▸ WORK INSTRUCTIONS:
Among the entries below, one line contains "I \<Longrightarrow> compact_space" and another contains "I \<Longrightarrow> S_eq". Transcribe those two lines and every line between them, exactly.

▸ INPUT DATA:
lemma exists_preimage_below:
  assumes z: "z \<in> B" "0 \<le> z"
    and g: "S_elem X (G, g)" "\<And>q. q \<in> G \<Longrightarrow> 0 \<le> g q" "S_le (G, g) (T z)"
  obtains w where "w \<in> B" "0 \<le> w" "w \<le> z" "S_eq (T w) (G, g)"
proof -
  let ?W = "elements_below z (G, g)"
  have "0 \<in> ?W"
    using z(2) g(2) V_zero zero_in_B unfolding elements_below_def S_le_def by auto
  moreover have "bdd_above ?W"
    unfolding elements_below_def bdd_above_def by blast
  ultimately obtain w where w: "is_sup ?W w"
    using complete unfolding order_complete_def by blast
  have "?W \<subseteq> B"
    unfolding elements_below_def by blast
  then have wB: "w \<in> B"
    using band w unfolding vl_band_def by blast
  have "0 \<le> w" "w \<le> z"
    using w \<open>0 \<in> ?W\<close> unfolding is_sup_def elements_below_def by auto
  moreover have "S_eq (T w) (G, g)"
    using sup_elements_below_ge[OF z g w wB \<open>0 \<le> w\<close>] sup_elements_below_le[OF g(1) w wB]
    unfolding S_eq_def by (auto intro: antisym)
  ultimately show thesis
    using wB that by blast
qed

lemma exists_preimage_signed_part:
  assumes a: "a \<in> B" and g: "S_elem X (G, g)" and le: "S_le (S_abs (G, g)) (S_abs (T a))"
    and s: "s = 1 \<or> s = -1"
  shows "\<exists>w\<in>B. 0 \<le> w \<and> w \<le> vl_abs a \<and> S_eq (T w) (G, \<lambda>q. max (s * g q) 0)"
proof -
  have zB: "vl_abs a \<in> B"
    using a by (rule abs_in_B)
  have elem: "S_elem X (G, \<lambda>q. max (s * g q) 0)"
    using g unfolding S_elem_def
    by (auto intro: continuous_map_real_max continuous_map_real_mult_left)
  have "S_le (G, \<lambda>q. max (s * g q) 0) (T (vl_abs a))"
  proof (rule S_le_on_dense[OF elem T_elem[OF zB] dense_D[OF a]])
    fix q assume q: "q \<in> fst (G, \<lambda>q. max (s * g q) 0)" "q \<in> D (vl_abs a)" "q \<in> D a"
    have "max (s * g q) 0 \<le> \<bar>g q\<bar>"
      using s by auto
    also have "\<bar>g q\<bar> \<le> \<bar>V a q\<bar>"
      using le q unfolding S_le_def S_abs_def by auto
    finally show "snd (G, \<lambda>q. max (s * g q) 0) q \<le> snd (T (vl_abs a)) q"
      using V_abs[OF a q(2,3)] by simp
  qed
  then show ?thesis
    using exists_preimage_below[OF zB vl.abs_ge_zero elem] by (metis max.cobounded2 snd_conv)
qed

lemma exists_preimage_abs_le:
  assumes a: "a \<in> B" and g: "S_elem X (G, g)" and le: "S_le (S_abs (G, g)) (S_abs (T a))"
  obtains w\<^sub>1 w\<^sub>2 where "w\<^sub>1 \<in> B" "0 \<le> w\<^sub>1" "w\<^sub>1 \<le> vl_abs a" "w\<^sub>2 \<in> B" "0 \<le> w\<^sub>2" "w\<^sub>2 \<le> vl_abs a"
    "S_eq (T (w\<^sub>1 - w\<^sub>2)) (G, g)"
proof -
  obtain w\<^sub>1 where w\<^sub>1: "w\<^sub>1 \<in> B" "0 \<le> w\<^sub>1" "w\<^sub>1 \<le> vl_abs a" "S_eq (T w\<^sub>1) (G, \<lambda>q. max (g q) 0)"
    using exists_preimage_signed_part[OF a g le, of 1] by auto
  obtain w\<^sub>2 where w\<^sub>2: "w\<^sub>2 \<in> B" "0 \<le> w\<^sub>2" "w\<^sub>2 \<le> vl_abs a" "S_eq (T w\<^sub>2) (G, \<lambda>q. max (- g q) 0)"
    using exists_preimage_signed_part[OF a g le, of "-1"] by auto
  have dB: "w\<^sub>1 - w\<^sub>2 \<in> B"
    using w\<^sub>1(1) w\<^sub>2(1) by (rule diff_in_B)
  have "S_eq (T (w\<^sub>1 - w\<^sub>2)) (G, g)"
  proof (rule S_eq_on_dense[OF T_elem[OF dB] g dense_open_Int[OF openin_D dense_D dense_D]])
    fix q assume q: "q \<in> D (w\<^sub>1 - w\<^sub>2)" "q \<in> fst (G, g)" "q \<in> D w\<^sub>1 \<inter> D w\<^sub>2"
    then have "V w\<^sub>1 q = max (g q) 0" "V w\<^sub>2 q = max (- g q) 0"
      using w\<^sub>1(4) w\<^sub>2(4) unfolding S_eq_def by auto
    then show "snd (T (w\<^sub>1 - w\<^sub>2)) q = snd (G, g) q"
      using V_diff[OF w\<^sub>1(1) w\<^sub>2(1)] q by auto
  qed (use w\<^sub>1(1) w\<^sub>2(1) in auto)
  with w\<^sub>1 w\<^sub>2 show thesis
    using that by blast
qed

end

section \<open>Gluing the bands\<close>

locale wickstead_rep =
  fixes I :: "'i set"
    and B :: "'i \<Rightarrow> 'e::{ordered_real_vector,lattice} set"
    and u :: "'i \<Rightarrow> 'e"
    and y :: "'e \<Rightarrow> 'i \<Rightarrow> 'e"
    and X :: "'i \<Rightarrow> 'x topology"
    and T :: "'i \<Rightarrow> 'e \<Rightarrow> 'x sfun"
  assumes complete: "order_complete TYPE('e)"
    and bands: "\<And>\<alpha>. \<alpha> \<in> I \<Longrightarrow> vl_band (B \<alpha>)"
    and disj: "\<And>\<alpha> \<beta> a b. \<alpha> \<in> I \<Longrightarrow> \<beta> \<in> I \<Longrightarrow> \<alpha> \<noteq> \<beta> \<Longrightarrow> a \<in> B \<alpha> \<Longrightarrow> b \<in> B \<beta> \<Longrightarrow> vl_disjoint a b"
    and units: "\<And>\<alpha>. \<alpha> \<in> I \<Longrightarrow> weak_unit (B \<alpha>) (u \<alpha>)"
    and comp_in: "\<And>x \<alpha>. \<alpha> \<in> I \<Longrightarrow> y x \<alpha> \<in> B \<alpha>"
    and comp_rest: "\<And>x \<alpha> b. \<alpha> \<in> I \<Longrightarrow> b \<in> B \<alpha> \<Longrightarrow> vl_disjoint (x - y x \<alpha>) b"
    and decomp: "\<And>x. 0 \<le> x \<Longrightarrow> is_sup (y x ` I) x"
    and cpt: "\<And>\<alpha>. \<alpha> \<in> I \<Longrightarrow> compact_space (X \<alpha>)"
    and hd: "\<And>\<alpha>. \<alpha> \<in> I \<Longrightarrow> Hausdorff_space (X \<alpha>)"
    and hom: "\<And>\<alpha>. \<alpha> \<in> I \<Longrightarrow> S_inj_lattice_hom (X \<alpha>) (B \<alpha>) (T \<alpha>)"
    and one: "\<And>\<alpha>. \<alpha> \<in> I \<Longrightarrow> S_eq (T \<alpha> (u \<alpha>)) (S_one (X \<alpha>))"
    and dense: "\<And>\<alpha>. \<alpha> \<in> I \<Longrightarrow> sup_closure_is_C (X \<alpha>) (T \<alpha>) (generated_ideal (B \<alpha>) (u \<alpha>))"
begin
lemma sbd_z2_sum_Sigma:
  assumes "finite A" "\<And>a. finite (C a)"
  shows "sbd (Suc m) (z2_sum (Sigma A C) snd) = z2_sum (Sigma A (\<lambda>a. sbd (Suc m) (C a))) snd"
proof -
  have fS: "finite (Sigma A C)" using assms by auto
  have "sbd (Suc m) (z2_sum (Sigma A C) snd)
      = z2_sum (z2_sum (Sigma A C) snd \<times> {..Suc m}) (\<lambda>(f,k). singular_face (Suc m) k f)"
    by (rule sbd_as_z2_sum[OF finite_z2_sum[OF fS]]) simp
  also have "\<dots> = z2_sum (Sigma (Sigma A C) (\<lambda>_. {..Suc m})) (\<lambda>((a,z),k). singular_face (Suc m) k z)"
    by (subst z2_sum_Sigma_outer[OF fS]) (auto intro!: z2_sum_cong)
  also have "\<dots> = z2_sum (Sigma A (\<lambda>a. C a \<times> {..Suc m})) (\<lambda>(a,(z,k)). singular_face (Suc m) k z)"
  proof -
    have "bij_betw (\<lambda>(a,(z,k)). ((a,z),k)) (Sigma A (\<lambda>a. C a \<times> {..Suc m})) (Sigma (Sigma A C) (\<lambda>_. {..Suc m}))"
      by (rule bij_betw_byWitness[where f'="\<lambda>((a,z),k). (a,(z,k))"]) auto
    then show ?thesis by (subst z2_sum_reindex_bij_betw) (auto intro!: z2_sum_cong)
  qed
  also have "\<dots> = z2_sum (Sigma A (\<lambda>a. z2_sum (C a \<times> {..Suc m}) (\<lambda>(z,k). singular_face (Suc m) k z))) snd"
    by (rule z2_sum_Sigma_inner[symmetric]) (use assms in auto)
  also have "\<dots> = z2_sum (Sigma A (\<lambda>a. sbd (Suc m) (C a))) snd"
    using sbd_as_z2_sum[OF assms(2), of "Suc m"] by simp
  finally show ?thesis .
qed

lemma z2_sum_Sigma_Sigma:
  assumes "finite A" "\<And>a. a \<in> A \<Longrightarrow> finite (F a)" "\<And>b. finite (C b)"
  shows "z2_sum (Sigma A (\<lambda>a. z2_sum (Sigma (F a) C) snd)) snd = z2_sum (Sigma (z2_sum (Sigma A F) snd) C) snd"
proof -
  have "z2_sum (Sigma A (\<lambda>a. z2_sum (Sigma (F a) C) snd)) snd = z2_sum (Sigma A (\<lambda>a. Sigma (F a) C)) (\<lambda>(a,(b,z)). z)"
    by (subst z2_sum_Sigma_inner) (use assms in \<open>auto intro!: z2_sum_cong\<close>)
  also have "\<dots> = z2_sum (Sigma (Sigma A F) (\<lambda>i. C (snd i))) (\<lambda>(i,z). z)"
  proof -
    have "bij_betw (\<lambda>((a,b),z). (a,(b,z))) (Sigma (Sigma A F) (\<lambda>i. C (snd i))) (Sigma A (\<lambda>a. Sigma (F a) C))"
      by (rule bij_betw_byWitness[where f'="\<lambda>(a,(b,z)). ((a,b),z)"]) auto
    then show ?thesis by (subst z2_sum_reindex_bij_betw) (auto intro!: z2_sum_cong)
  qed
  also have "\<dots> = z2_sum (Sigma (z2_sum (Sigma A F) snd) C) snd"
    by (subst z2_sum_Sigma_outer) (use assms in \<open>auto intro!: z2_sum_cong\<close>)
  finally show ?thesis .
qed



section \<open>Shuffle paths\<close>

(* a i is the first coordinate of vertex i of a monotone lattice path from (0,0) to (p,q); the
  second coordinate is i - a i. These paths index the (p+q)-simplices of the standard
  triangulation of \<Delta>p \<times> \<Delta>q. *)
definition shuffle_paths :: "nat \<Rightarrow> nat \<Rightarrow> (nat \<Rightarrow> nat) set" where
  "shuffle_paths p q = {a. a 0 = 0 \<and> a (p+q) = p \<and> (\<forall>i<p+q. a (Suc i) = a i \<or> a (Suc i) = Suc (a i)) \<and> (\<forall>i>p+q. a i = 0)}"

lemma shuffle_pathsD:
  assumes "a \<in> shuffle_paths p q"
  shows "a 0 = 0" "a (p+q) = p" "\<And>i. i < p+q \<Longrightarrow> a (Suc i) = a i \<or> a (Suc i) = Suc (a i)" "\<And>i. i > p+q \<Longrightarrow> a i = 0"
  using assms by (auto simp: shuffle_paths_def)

▸ RESULT OF THIS TASK:
    and cpt: "\<And>\<alpha>. \<alpha> \<in> I \<Longrightarrow> compact_space (X \<alpha>)"
    and hd: "\<And>\<alpha>. \<alpha> \<in> I \<Longrightarrow> Hausdorff_space (X \<alpha>)"
    and hom: "\<And>\<alpha>. \<alpha> \<in> I \<Longrightarrow> S_inj_lattice_hom (X \<alpha>) (B \<alpha>) (T \<alpha>)"
    and one: "\<And>\<alpha>. \<alpha> \<in> I \<Longrightarrow> S_eq (T \<alpha> (u \<alpha>)) (S_one (X \<alpha>))"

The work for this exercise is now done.